About this exercise: Count the lines that contain the string "shows" in the records beneath, and respond with the number only.

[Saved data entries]
──────

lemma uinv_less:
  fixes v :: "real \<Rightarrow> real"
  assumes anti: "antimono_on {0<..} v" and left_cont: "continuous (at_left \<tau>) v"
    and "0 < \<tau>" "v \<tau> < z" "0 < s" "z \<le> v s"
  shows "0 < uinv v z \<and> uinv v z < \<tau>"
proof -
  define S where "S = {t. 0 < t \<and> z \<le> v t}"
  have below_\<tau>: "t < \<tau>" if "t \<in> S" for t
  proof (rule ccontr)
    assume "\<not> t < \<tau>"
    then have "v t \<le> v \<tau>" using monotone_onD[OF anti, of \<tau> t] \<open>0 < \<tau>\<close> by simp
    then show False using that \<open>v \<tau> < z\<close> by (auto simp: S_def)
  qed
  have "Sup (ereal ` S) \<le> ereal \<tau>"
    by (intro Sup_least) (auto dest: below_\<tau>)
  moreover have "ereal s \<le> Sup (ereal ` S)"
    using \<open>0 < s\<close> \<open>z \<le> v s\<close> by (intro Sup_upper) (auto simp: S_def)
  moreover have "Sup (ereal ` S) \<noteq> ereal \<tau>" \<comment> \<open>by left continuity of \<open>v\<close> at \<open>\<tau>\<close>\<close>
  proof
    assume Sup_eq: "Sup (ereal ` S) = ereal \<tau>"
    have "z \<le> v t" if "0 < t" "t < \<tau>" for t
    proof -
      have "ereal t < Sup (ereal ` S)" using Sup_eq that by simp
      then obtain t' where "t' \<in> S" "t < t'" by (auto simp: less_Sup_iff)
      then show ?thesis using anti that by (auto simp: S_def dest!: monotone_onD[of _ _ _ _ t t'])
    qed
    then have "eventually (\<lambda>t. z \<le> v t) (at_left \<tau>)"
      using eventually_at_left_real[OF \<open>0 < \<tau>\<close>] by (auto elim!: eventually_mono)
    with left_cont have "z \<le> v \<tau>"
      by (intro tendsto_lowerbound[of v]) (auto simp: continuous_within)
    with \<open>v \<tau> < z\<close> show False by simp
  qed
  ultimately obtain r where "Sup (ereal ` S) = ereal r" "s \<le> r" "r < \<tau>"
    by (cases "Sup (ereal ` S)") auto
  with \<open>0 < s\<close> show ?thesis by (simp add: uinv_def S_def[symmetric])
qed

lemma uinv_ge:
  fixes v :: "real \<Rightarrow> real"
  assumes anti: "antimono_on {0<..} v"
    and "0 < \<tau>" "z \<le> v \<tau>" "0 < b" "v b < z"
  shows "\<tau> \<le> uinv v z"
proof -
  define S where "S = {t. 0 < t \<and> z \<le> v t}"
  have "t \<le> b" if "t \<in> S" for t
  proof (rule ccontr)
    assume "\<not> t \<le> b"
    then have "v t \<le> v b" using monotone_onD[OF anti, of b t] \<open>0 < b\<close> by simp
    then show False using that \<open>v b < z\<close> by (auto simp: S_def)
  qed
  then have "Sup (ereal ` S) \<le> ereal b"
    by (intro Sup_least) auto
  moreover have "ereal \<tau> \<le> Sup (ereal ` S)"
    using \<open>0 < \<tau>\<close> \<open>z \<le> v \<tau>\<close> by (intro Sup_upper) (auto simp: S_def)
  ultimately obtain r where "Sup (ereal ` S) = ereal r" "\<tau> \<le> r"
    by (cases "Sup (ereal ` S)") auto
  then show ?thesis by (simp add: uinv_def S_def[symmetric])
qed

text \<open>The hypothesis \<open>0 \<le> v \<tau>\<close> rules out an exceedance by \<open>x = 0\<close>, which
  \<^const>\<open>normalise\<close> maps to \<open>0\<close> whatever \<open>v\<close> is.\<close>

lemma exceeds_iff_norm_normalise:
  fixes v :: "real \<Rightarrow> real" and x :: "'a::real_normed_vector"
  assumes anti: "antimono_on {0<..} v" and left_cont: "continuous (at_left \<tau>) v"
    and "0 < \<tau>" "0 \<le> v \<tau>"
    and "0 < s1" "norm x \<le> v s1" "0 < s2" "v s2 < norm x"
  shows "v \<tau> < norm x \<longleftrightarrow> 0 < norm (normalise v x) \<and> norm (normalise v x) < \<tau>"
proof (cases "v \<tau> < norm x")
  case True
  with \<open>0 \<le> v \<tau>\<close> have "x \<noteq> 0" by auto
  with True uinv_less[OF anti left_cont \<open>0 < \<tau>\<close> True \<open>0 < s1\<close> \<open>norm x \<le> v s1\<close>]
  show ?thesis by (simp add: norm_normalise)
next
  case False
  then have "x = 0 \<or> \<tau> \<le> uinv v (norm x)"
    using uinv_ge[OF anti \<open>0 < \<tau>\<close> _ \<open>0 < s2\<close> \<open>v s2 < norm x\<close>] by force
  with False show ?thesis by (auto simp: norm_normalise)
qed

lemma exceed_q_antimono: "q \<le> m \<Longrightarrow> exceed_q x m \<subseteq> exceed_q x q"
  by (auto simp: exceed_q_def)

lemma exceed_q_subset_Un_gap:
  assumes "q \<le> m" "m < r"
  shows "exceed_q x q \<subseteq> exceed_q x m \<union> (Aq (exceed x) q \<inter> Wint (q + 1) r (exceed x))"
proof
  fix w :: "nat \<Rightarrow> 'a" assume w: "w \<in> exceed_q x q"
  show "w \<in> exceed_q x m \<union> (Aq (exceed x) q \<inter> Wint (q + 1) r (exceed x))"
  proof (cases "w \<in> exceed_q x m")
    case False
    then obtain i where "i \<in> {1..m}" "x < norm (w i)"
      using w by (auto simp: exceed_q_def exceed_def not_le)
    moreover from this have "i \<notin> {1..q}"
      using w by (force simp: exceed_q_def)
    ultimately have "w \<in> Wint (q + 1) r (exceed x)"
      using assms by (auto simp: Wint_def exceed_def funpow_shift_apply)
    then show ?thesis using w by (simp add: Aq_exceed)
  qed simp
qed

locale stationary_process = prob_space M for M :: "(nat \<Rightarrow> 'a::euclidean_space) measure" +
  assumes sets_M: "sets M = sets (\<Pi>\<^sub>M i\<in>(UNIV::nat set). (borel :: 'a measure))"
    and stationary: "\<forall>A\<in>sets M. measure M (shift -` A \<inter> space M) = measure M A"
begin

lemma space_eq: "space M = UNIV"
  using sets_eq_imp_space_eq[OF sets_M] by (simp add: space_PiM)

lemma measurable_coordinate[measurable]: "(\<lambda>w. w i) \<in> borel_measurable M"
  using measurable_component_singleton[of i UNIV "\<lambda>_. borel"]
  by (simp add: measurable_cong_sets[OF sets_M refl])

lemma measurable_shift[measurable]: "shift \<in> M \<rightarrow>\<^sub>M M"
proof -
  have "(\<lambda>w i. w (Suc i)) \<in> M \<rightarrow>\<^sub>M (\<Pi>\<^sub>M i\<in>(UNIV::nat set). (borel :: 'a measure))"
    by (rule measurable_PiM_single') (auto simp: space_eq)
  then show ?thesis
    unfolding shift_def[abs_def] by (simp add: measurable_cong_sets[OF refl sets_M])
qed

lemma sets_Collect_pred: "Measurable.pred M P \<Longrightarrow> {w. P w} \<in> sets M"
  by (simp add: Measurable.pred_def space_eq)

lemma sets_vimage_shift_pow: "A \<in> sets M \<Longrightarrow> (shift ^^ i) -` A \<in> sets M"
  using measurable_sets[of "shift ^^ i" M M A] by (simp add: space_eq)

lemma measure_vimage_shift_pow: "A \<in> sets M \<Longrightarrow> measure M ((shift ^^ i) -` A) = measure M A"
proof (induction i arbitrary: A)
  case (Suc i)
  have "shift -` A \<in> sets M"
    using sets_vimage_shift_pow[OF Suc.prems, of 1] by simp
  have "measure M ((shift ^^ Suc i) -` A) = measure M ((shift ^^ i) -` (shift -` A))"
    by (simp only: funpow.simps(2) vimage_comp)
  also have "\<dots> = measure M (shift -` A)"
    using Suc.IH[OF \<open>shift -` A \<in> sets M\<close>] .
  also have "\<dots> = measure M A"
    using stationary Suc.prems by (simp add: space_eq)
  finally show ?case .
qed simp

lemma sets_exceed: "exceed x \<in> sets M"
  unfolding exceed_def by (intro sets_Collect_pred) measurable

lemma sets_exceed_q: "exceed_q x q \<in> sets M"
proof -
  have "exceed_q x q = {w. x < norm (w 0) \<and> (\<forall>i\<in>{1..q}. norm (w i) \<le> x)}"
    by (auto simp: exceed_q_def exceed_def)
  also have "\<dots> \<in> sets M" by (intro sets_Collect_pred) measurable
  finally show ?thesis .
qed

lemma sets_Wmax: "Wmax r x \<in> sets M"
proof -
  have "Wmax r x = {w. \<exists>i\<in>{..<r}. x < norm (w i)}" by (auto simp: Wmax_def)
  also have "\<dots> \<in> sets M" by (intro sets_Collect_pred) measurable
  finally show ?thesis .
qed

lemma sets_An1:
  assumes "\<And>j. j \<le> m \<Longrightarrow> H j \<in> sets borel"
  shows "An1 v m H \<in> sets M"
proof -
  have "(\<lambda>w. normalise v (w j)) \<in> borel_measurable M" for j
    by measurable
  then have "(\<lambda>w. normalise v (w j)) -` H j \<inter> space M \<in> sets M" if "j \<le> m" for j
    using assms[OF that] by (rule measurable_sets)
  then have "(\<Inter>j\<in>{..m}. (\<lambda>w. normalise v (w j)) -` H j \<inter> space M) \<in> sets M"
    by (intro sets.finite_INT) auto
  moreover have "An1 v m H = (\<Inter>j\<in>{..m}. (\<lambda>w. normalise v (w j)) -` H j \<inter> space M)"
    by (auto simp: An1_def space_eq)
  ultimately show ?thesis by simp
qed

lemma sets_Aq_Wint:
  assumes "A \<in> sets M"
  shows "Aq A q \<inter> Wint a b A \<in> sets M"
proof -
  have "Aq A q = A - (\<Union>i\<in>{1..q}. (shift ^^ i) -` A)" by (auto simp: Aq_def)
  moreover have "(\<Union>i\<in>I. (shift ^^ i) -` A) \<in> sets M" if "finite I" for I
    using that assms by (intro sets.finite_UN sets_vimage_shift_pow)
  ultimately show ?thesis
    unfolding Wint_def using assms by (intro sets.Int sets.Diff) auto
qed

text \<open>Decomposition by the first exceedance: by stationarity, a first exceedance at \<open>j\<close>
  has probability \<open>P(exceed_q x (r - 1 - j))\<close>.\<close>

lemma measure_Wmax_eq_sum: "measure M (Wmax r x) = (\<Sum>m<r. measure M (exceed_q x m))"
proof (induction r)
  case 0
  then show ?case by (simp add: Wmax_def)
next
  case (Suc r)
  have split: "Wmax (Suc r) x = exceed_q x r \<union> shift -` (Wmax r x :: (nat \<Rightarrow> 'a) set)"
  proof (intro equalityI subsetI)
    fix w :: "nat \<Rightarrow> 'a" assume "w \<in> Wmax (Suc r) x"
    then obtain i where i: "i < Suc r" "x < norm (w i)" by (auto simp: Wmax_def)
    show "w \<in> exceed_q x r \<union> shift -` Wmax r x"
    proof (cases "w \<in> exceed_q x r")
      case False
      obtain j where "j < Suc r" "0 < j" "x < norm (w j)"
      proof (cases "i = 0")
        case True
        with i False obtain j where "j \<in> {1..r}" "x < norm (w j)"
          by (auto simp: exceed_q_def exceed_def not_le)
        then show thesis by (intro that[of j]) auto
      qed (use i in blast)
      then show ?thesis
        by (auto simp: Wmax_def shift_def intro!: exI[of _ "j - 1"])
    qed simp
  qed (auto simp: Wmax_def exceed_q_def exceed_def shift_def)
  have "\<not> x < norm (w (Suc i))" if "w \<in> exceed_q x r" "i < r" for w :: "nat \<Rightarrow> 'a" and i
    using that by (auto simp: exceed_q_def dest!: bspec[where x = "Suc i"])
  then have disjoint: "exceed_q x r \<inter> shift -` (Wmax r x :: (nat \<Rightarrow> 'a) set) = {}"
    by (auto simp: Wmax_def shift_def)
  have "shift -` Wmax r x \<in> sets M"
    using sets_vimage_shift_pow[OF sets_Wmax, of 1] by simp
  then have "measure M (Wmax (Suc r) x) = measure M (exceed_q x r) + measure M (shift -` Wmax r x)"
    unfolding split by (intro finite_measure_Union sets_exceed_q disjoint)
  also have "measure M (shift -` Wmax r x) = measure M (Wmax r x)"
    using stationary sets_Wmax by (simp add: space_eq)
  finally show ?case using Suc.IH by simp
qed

──────

Solution to the problem: 6